Exercise instructions: Search the entries below for the word "Cbeta" and copy every line where it appears.

Items from a data source
--*--

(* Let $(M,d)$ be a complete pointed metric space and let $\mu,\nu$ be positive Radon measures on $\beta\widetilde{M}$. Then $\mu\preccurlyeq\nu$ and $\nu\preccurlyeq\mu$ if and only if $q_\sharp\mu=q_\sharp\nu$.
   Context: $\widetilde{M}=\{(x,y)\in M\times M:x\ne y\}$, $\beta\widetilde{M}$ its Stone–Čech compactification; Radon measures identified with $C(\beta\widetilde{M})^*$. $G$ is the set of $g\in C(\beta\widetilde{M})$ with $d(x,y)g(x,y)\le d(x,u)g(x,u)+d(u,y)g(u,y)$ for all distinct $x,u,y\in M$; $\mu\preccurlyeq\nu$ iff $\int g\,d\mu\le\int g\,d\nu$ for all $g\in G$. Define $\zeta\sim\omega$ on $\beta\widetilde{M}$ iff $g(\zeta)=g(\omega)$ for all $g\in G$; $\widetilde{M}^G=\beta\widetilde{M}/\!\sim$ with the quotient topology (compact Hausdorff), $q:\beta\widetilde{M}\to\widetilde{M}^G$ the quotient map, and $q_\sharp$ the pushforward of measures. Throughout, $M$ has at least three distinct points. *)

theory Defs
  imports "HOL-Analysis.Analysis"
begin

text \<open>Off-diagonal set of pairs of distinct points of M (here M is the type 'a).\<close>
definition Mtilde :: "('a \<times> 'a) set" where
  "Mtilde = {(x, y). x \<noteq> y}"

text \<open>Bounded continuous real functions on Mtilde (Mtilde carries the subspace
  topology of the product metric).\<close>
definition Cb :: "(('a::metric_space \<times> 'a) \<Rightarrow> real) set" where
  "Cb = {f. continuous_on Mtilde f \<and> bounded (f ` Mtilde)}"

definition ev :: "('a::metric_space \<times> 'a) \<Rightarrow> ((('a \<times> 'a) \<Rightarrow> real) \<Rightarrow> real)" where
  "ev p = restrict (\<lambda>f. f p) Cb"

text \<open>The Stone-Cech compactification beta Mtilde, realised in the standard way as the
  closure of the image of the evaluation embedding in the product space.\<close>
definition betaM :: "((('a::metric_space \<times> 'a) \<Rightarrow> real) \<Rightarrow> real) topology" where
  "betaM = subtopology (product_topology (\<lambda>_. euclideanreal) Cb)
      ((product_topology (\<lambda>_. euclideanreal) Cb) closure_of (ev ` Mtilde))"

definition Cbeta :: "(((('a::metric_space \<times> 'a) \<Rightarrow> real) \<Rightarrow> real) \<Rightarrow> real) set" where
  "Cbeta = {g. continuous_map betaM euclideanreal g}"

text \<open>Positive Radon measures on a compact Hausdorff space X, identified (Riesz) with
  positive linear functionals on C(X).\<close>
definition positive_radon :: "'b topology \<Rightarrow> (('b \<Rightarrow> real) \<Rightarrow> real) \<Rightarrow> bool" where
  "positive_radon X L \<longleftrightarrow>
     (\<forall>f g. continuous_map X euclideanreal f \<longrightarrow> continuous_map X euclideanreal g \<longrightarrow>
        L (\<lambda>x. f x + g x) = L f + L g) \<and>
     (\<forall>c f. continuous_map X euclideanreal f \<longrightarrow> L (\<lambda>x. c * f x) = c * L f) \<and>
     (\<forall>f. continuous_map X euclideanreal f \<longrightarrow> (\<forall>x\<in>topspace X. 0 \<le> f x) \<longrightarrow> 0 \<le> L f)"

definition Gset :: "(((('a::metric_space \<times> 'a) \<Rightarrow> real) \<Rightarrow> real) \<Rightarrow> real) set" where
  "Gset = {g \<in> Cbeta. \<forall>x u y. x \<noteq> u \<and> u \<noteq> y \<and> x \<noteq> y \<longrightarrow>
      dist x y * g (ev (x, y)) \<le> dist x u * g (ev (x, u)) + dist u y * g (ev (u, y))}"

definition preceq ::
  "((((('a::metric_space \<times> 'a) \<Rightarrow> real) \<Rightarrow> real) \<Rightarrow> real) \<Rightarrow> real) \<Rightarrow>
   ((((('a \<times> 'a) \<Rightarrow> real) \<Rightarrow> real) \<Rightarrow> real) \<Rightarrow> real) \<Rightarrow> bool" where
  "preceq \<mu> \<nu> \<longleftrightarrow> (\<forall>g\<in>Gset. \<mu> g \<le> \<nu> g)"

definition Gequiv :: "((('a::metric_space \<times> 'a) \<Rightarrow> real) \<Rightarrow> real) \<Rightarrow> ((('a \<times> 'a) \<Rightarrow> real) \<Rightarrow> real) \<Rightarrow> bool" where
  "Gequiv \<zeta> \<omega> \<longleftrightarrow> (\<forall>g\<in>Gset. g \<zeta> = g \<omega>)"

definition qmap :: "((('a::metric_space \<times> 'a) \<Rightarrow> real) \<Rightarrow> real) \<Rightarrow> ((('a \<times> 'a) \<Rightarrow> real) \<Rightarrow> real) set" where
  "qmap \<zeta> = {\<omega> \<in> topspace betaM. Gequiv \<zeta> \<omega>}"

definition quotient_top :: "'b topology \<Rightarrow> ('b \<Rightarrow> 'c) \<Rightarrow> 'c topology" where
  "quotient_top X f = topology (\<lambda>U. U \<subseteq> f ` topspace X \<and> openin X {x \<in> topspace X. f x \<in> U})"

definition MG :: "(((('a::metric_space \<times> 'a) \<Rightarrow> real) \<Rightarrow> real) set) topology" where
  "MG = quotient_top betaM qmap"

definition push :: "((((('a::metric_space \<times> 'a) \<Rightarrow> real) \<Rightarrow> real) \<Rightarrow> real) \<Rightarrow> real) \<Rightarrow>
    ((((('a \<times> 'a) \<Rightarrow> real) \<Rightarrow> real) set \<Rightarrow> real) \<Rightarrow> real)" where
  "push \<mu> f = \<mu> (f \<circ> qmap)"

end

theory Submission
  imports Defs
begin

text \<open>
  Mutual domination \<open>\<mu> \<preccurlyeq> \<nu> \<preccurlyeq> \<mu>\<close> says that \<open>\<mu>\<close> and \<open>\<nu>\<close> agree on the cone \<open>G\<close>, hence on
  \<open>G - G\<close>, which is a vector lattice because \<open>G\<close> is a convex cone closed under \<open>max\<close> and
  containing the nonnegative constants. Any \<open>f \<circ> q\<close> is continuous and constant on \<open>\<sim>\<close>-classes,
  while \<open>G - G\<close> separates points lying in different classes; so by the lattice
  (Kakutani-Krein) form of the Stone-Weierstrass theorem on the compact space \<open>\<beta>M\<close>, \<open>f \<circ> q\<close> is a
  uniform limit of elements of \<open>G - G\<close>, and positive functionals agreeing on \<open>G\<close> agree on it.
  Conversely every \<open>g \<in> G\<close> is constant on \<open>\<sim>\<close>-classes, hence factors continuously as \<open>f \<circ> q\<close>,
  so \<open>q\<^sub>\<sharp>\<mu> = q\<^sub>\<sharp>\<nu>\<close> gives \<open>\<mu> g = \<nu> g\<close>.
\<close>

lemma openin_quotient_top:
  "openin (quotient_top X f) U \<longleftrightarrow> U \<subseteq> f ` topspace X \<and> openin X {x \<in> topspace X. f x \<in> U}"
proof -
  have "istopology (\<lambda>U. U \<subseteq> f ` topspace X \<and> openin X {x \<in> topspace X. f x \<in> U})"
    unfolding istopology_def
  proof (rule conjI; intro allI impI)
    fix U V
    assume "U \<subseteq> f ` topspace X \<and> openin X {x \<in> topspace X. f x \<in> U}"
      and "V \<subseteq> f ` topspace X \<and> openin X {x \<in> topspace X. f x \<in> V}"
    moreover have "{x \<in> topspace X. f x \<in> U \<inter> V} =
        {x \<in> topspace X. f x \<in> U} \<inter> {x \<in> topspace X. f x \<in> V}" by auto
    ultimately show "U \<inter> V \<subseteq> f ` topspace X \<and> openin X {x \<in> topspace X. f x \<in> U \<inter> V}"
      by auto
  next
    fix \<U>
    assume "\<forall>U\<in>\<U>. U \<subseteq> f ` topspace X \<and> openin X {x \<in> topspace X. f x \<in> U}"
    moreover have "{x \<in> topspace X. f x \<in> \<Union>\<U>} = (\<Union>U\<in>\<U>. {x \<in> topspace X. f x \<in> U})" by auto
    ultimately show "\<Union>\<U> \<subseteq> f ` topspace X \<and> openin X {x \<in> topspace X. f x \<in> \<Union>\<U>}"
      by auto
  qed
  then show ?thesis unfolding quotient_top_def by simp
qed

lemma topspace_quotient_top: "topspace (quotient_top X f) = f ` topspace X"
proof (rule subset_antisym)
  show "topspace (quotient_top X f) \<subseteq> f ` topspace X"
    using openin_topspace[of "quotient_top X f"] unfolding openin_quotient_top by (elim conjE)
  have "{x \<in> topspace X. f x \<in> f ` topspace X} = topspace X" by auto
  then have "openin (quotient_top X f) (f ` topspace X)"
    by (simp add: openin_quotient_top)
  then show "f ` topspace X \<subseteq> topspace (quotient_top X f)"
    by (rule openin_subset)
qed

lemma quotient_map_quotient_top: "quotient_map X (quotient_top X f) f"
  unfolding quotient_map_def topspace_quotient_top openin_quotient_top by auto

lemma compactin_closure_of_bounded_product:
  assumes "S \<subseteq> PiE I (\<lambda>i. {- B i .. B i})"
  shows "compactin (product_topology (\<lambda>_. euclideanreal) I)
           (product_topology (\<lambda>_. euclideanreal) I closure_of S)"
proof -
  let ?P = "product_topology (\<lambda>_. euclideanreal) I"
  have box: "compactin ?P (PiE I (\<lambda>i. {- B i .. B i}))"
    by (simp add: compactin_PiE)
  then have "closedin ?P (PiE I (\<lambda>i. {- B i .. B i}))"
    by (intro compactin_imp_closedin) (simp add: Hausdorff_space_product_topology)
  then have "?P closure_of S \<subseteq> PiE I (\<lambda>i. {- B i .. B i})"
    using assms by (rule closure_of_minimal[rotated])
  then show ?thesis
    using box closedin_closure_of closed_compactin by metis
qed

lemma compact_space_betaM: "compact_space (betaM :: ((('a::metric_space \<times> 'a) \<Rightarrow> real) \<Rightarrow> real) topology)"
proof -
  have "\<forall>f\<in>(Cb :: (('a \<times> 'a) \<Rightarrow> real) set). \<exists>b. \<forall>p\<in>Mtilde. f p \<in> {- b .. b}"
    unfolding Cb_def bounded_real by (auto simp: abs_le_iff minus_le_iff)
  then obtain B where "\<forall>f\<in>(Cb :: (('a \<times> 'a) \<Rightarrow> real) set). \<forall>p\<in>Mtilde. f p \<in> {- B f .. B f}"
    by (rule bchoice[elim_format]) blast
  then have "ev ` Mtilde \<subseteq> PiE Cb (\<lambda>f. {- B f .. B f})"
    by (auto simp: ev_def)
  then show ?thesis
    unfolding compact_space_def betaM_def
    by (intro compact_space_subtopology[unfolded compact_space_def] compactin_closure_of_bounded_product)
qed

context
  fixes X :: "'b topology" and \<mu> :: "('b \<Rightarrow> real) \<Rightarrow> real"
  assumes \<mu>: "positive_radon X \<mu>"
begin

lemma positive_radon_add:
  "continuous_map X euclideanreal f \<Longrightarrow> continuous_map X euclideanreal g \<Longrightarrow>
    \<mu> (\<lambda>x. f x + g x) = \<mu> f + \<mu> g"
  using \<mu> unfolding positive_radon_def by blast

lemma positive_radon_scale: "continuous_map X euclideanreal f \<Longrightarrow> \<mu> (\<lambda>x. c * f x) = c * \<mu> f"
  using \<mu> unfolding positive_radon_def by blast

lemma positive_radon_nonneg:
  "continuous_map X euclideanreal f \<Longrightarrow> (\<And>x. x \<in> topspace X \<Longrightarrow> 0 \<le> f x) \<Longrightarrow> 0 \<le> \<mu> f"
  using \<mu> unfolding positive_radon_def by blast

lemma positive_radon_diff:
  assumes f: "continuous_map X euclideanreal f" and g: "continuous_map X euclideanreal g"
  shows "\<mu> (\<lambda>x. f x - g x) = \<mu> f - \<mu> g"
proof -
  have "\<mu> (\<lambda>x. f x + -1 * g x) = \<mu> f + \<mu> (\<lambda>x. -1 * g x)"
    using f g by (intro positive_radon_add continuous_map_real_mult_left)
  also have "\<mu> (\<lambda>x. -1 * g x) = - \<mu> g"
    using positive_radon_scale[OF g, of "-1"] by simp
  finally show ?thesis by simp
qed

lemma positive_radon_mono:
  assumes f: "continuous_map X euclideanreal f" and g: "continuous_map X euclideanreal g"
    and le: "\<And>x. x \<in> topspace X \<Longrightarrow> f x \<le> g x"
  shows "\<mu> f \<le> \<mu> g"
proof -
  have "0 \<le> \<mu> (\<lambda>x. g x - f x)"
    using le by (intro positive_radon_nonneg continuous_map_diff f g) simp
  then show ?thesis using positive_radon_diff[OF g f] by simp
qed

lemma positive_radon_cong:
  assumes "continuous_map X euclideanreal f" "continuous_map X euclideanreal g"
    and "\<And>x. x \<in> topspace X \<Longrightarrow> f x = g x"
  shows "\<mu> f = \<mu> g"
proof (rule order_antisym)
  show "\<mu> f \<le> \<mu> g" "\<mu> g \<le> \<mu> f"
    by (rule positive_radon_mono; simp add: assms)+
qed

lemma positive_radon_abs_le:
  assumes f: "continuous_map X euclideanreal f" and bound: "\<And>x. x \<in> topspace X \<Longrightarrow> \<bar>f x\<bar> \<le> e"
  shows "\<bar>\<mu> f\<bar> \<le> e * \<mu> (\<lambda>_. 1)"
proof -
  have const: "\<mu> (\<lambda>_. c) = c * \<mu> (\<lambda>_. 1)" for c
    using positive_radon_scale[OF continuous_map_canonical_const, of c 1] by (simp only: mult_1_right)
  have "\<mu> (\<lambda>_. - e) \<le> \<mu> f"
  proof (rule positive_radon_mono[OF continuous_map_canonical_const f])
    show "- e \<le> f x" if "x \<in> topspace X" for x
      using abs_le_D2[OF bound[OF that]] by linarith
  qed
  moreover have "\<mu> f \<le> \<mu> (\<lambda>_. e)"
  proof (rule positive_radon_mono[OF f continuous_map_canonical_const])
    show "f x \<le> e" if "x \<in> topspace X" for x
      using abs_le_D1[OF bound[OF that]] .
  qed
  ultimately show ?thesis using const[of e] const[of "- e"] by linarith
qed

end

--*--

Solution:
definition Cbeta :: "(((('a::metric_space \<times> 'a) \<Rightarrow> real) \<Rightarrow> real) \<Rightarrow> real) set" where
  "Cbeta = {g. continuous_map betaM euclideanreal g}"
  "Gset = {g \<in> Cbeta. \<forall>x u y. x \<noteq> u \<and> u \<noteq> y \<and> x \<noteq> y \<longrightarrow>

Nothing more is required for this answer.